There is a particular kind of urgency that shows up in many of our adult relationships.
It doesn’t look dramatic from the outside, but inside it feels like pressure in the chest, a tightening in the throat, or a sudden wave of fear.
It is the felt sense of needing something—a response, a tone of voice, a look, a presence—from another person, and needing it right now.
In IFS, this sensation almost always traces back to an exile.
A young part of us that once reached out for connection, found no one there, and then froze in that moment of aloneness.
What we call “urgency” in the present is often that same child’s terror echoing forward.
This week, in session with a client, this pattern became vivid.
When she turned inward, she saw a little girl trying to talk to her father.
She wanted him to notice her.
She wanted him to understand what she was feeling.
She wanted attunement—nothing more complicated than a parent meeting her emotional world with warmth and interest.
He didn’t.
Not because he didn’t care, but because he did not have the capacity to attune to her inner experience. He could offer structure, routine, and presence in the physical sense, but he could not join her where she actually lived—inside her emotions.
For the child, this wasn’t simply disappointing. It was frightening.
Children do not separate emotional needs from physical ones.
When attunement is missing, the nervous system registers danger.
Her body learned: “If no one understands me, I am not safe.”
That belief settled into her system like a law of nature.
And decades later, in the presence of her partner, it still whispers.
When the exile carries that early pain, she doesn’t come to the surface alone.
Protector parts gather around her, each doing whatever they can to secure the connection she once missed.
In my client’s system, one protector pushes forward with explanations—talking more, talking louder, trying again and again to be understood.
Another protector shows up as irritation, sharpness, or a “sassy” insistence on being seen.

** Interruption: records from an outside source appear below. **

(* Suppose a system $C=(1,c_2,c_3,c_4,c_5,c_6)$ is canonical and its subsystem $(1,c_2,c_3,c_4,c_5)$ is noncanonical. Then $c_6$ is equal to $2c_5-c_2$, $2c_5-c_3$, or $2c_5-c_4$.
   Context: A system is a tuple $C=(c_1,\dots,c_n)$ of integers with $1=c_1<c_2<\dots<c_n$; for $k\le n$, $(c_1,\dots,c_k)$ is a subsystem. For a positive integer $v$, $\mathrm{opt}_C(v)$ is the minimum of $\sum_i x_i$ over $x\in\mathbb{Z}_{\ge0}^n$ with $\sum_i c_ix_i=v$. The greedy representation of $v$ is produced by: for $i=n$ down to $1$, while $c_i\le$ remaining value, take a coin $c_i$. $\mathrm{grd}_C(v)$ is its number of coins. A positive integer $w$ is a counterexample if $\mathrm{opt}_C(w)<\mathrm{grd}_C(w)$; $C$ is canonical if it has none, noncanonical otherwise. *)

theory Defs
  imports Main
begin

definition is_system :: "nat list \<Rightarrow> bool" where
  "is_system C \<longleftrightarrow> C \<noteq> [] \<and> C ! 0 = 1 \<and> sorted_wrt (<) C"

definition representations :: "nat list \<Rightarrow> nat \<Rightarrow> (nat \<Rightarrow> nat) set" where
  "representations C v = {x. (\<Sum>i<length C. C ! i * x i) = v}"

definition opt :: "nat list \<Rightarrow> nat \<Rightarrow> nat" where
  "opt C v = (LEAST k. \<exists>x \<in> representations C v. (\<Sum>i<length C. x i) = k)"

text \<open>The argument of grd_aux is the list of coins in decreasing order.\<close>

fun grd_aux :: "nat list \<Rightarrow> nat \<Rightarrow> nat" where
  "grd_aux [] v = 0"
| "grd_aux (c # cs) v = (if c = 0 then grd_aux cs v else v div c + grd_aux cs (v mod c))"

definition grd :: "nat list \<Rightarrow> nat \<Rightarrow> nat" where
  "grd C v = grd_aux (rev C) v"

definition counterexample :: "nat list \<Rightarrow> nat \<Rightarrow> bool" where
  "counterexample C w \<longleftrightarrow> 0 < w \<and> opt C w < grd C w"

definition canonical :: "nat list \<Rightarrow> bool" where
  "canonical C \<longleftrightarrow> (\<forall>w. \<not> counterexample C w)"

end

theory Submission
  imports Defs
begin

text \<open>Let \<open>w\<close> be the least counterexample of \<open>C' = (1, c\<^sub>2, c\<^sub>3, c\<^sub>4, c\<^sub>5)\<close>. Since
  \<open>C = C' @ [c\<^sub>6]\<close> is canonical, \<open>w\<close> is not a counterexample of \<open>C\<close>, which forces \<open>c\<^sub>6 \<le> w\<close>;
  and the classical argument of Kozen and Zaks gives \<open>w < c\<^sub>4 + c\<^sub>5\<close>. Hence
  \<open>c\<^sub>5 < c\<^sub>6 < 2 c\<^sub>5\<close>, so greedy pays \<open>2 c\<^sub>5\<close> with one \<open>c\<^sub>6\<close> followed by the greedy
  representation of \<open>r = 2 c\<^sub>5 - c\<^sub>6\<close> in \<open>C'\<close>. Canonicity of \<open>C\<close> bounds this by
  \<open>opt C (2 c\<^sub>5) \<le> 2\<close>, so \<open>r\<close> is a single coin of \<open>C'\<close>; as \<open>1 < r < c\<^sub>5\<close>, it is one of
  \<open>c\<^sub>2, c\<^sub>3, c\<^sub>4\<close>.\<close>

lemma sum_fun_upd_add:
  fixes f :: "'a \<Rightarrow> 'b::comm_monoid_add"
  assumes "finite A" "i \<in> A"
  shows "sum (f(i := y)) A + f i = sum f A + y"
proof -
  have "sum (f(i := y)) A = y + sum f (A - {i})"
    using assms by (simp add: sum.remove)
  moreover have "sum f A = f i + sum f (A - {i})"
    using assms by (simp add: sum.remove)
  ultimately show ?thesis by (simp add: ac_simps)
qed

lemma is_system_snoc:
  assumes "is_system (D @ [c])" "D \<noteq> []"
  shows "is_system D"
  using assms by (simp add: is_system_def sorted_wrt_append nth_append)

lemma is_system_pos:
  assumes "is_system C" "c \<in> set C"
  shows "0 < c"
proof -
  obtain i where i: "i < length C" "c = C ! i"
    using assms(2) by (auto simp: in_set_conv_nth)
  have "C ! 0 < C ! i" if "0 < i"
    using assms(1) i(1) that unfolding is_system_def sorted_wrt_iff_nth_less by blast
  then show ?thesis
    using assms(1) i(2) by (cases "i = 0") (auto simp: is_system_def)
qed

lemma representations_snoc:
  assumes "x \<in> representations D v"
  shows "x(length D := a) \<in> representations (D @ [c]) (v + c * a)"
proof -
  have "(\<Sum>i<length D. (D @ [c]) ! i * (x(length D := a)) i) = (\<Sum>i<length D. D ! i * x i)"
    by (intro sum.cong) (auto simp: nth_append)
  with assms show ?thesis by (simp add: representations_def)
qed

lemma representations_add_coin:
  assumes "x \<in> representations C v" "i < length C"
  shows "x(i := Suc (x i)) \<in> representations C (v + C ! i)"
    and "(\<Sum>k<length C. (x(i := Suc (x i))) k) = Suc (\<Sum>k<length C. x k)"
proof -
  have "(\<Sum>k<length C. C ! k * (x(i := Suc (x i))) k)
      = sum ((\<lambda>k. C ! k * x k)(i := C ! i * Suc (x i))) {..<length C}"
    by (intro sum.cong) auto
  moreover have "\<dots> + C ! i * x i = (\<Sum>k<length C. C ! k * x k) + C ! i * Suc (x i)"
    using assms(2) by (intro sum_fun_upd_add) auto
  ultimately have "(\<Sum>k<length C. C ! k * (x(i := Suc (x i))) k) = (\<Sum>k<length C. C ! k * x k) + C ! i"
    by simp
  then show "x(i := Suc (x i)) \<in> representations C (v + C ! i)"
    using assms(1) by (simp add: representations_def)
  show "(\<Sum>k<length C. (x(i := Suc (x i))) k) = Suc (\<Sum>k<length C. x k)"
    using assms(2) sum_fun_upd_add[of "{..<length C}" i x "Suc (x i)"] by simp
qed

lemma representation_has_coin:
  assumes "x \<in> representations C v" "0 < v"
  obtains i where "i < length C" "0 < x i"
proof (rule ccontr)
  assume "\<not> thesis"
  with that have "\<forall>i<length C. x i = 0" by blast
  then have "(\<Sum>i<length C. C ! i * x i) = 0" by simp
  with assms show False by (simp add: representations_def)
qed

lemma representation_single_coin:
  assumes "x \<in> representations C v" "(\<Sum>i<length C. x i) = 1"
  shows "v \<in> set C"
proof -
  obtain i where i: "i < length C" "x i = 1" and others: "\<forall>k<length C. k \<noteq> i \<longrightarrow> x k = 0"
    using assms(2) sum_eq_1_iff[of "{..<length C}" x] by auto
  have "v = (\<Sum>k<length C. C ! k * x k)"
    using assms(1) by (simp add: representations_def)
  also have "\<dots> = (\<Sum>k<length C. if k = i then C ! i else 0)"
    using i(2) others by (intro sum.cong) auto
  also have "\<dots> = C ! i" using i(1) by simp
  finally show ?thesis using i(1) by simp
qed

A third pulls away, waiting to see if the other person will come closer.
Each one trying, in its own way, to resurrect a moment of attunement that never happened.
None of these behaviors are pathological.
They are attempts to solve a problem the child still believes is life-or-death.
When an exile grows up without reliable emotional attunement, she continues searching for it in adulthood.
The partner becomes the closest available candidate for that original unmet need.
And because the child part has no sense of time, she assumes that the partner should be able to provide what the parent could not.
When the partner cannot—or does not—attune, the exile reacts as if the old danger has returned.
Protector parts mobilize.
The partner’s protectors mobilize in response.
And suddenly two adults are caught in a cycle neither one created intentionally.
This is why so many of us end up in relationships that repeat childhood dynamics—not because we choose them, but because our nervous systems are still trying to finish an unfinished experience.
At the core, the exile is not asking for reassurance or problem-solving.
She is asking for attunement—someone to be with her in the emotion itself, not above it or around it.
This is the co-regulation children depend on.
When it’s missing, the body continues to reach for it, even decades later.
And because the exile never learned that emotional waves pass naturally, each feeling still carries a sense of danger.
Her urgency is not irrational.
It is developmentally true for the age at which she froze.
This is where the healing direction of IFS becomes clear.
Over time, yes—our own Self can become the primary source of attunement for our exiles.
But it is not an instant shift.
It requires slowing down enough to notice when the exile is activated, and turning toward her with the kind of presence she never received:
“I’m here.
I see exactly what you’re feeling.
You don’t have to work so hard for me to understand you.
You’re not alone in this.”
This kind of internal connection does not erase the value of being met by another person, but it reduces the desperation.
It teaches the exile that attunement is available—even when external conditions are imperfect.
Mine have been quieter, which can sometimes be a sign of peace and sometimes a sign of distance.
When I check in honestly, I can feel one still watching an old relationship, still hoping for a certain kind of recognition that never came.
That tells me she needs more of my own presence—more consistent checking in, more curiosity, more willingness to meet her where she is instead of waiting for her to settle down.
If I expect anyone else to attune to me, I must be willing to model that attunement internally first.
Where are your exiles right now?
Not in theory, but in this moment.
Are they urgent? Are they quiet? Are they testing? Are they reaching?
And more importantly—when they do reach for you internally, do you turn toward them?
Or do you hope someone else will do it for you?
This is not a moral question.
It is simply the doorway to the next phase of healing.
Because the more consistently we can attune to the parts of us that once went unseen,
the less we need others to carry the weight of our unhealed childhoods,
and the more our relationships can become places of genuine connection rather than reenactments of old hunger.